26 November 2019

Planetary Scientist Sarah Hörst to Receive LAD's 2020 Early Career Award

Richard Fienberg

Richard Fienberg American Astronomical Society

This post is adapted from a LAD press release:

Sarah M. Hörst
Sarah M. Hörst; photo by Justin Tsucalas.

The AAS Laboratory Astrophysics Division (LAD) has named Professor Sarah Hörst of Johns Hopkins University (JHU) the recipient of its 2020 Early Career Award. Given to an individual who has made important contributions to laboratory astrophysics within 10 years of receiving their PhD, the award recognizes Hörst for laboratory research advancing our understanding of photochemical haze formation in planetary atmospheres within our solar system and beyond.

Prof. Hörst, a planetary scientist, has established a unique laboratory to study the photochemical production of hazes in extreme environments, primarily focusing on the atmospheres of super-Earth and mini-Neptune exoplanets. In an important study published in Nature Astronomy, her group studied the irradiation of atmospheric gases at temperatures and abundance mixtures expected in such exotic environments. A rich diversity of aerosol particles were produced, validating a hypothesis that photochemical products could be responsible for featureless transmission spectra observed in many exoplanets. The work has led to improved chemical models of exoplanet atmospheres and will likely impact studies of Earth-like exoplanets. Hörst’s work has also focused on organic species in the atmosphere of Titan, the origin of sand on Titan, haze formation in Pluto’s atmosphere, and the composition and thermal structure of Saturn’s upper atmosphere.

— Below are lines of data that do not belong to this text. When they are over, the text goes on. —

lemma abs_max_corr_diff_le:
  fixes x :: "nat \<Rightarrow> nat \<Rightarrow> real"
  assumes n: "n \<ge> 1" and P: "P \<ge> 2" and r: "0 \<le> r" "r < 1" and t: "0 \<le> t" "t \<le> 1/6"
    and conc: "pair_sums_concentrated n P r t x"
  shows "\<bar>max_corr_diff n r P x\<bar> \<le> 21 * sqrt (real n) * t\<^sup>2"
  unfolding max_corr_diff_def
proof (rule Max_image_diff_le)
  show "finite {(i, j). 1 \<le> i \<and> i < j \<and> j \<le> P}"
    by (rule finite_subset[of _ "{1..P} \<times> {1..P}"]) auto
  show "{(i, j). 1 \<le> i \<and> i < j \<and> j \<le> P} \<noteq> {}"
    using P by (intro ex_in_conv[THEN iffD1] exI[of _ "(1, 2)"]) auto
  fix ij assume "ij \<in> {(i, j). 1 \<le> i \<and> i < j \<and> j \<le> P}"
  then obtain i j where ij: "ij = (i, j)" "i \<in> {1..P}" "j \<in> {1..P}" "i \<noteq> j" by auto
  define A B Q where "A = (\<Sum>k\<in>{1..n}. (x k i)\<^sup>2)" and "B = (\<Sum>k\<in>{1..n}. (x k j)\<^sup>2)"
    and "Q = (\<Sum>k\<in>{1..n}. x k i * x k j)"
  define \<rho> where "\<rho> = ar1_cov r i j"
  have \<rho>: "0 \<le> \<rho>" "\<rho> \<le> 1" using ar1_cov_nonneg ar1_cov_le_one r by (auto simp: \<rho>_def)
  have n_pos: "real n > 0" using n by simp
  have bounds: "\<bar>A - real n\<bar> \<le> real n * t" "\<bar>B - real n\<bar> \<le> real n * t" "\<bar>Q - real n * \<rho>\<bar> \<le> real n * t"
    unfolding A_def B_def Q_def \<rho>_def
    using pair_sums_concentrated_diag_bound[OF conc ij(2)] pair_sums_concentrated_diag_bound[OF conc ij(3)]
      pair_sums_concentrated_cross_bound[OF conc ij(2-4)] by simp_all
  note expansion = correlation_expansion[OF n_pos \<rho> t bounds]
  have "rho_hat n x i j = Q / sqrt (A * B)"
    unfolding rho_hat_def A_def B_def Q_def by simp
  moreover have "(\<Sum>k=1..n. x k i * x k j - \<rho> / 2 * ((x k i)\<^sup>2 + (x k j)\<^sup>2)) = Q - \<rho> / 2 * (A + B)"
    unfolding A_def B_def Q_def by (simp add: sum_subtractf sum.distrib sum_distrib_left algebra_simps)
  ultimately show "\<bar>(case ij of (i, j) \<Rightarrow> sqrt (real n) * rho_hat n x i j) -
          (case ij of (i, j) \<Rightarrow> sqrt (real n) * ar1_cov r i j + 1 / sqrt (real n) *
              (\<Sum>k = 1..n. x k i * x k j - ar1_cov r i j / 2 * ((x k i)\<^sup>2 + (x k j)\<^sup>2)))\<bar>
        \<le> 21 * sqrt (real n) * t\<^sup>2"
    unfolding ij(1) prod.case \<rho>_def[symmetric] by (simp only: expansion)
qed

lemma abs_max_corr_diff_div_le:
  fixes x :: "nat \<Rightarrow> nat \<Rightarrow> real"
  assumes n: "n \<ge> 1" and P: "P \<ge> 2" and r: "0 \<le> r" "r < 1"
    and log_P: "ln (real P) \<le> real n / 2304"
    and conc: "pair_sums_concentrated n P r (8 * sqrt (ln (real P) / real n)) x"
  shows "\<bar>max_corr_diff n r P x / (ln (real P) / sqrt (real n))\<bar> \<le> 1344"
proof -
  define L where "L = ln (real P)"
  define t where "t = 8 * sqrt (L / real n)"
  have L: "L > 0" using P by (simp add: L_def)
  have n_pos: "real n > 0" using n by simp
  have t: "t \<ge> 0" "t\<^sup>2 = 64 * L / real n" using L n_pos by (simp_all add: t_def power_mult_distrib)
  have scale: "L / sqrt (real n) > 0" using L n_pos by simp
  have "t\<^sup>2 \<le> (1/6)\<^sup>2" unfolding t(2) using log_P n_pos by (simp add: L_def field_simps)
  then have "t \<le> 1/6" using t(1) by (simp add: power2_le_iff_abs_le)
  then have "\<bar>max_corr_diff n r P x\<bar> \<le> 21 * sqrt (real n) * t\<^sup>2"
    using abs_max_corr_diff_le[OF n P r t(1)] conc by (simp add: t_def L_def)
  also have "21 * sqrt (real n) * t\<^sup>2 = 1344 * (L / sqrt (real n))"
    unfolding t(2) using n_pos by (simp add: field_simps real_sqrt_mult_self flip: real_sqrt_mult)
  finally have "\<bar>max_corr_diff n r P x\<bar> / (L / sqrt (real n)) \<le> 1344"
    using scale by (simp only: pos_divide_le_eq)
  then show ?thesis
    unfolding L_def[symmetric] by (simp only: abs_divide[of "max_corr_diff n r P x"] abs_of_pos[OF scale])
qed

Hörst received a BS in planetary sciences and literature from the California Institute of Technology and a PhD, also in planetary sciences, from the University of Arizona. She was a National Science Foundation Astronomy and Astrophysics Postdoctoral Fellow at the University of Colorado. Hörst is now an Assistant Professor in JHU’s Department of Earth and Planetary Sciences, a Hopkins Extreme Materials Institute Fellow, and an Adjunct Astronomer at the Space Telescope Science Institute. She has received the Peter B. Wagner Memorial Award for Women in Atmospheric Sciences, the University of Arizona Gerard P. Kuiper Memorial Award, and the Johns Hopkins University Catalyst Award and was a National Academy of Sciences Kavli Fellow in 2012, 2014, 2016, and 2019. She is a co-investigator on NASA’s Dragonfly mission to Titan and on the proposed Io Volcano Observer mission. In 2012 Hörst was named to the “highly qualified” group in NASA’s 2013 astronaut candidate selection process.

The LAD Early Career Award includes a cash award, a framed certificate, and an invited lecture by the recipient at a meeting of the Laboratory Astrophysics Division.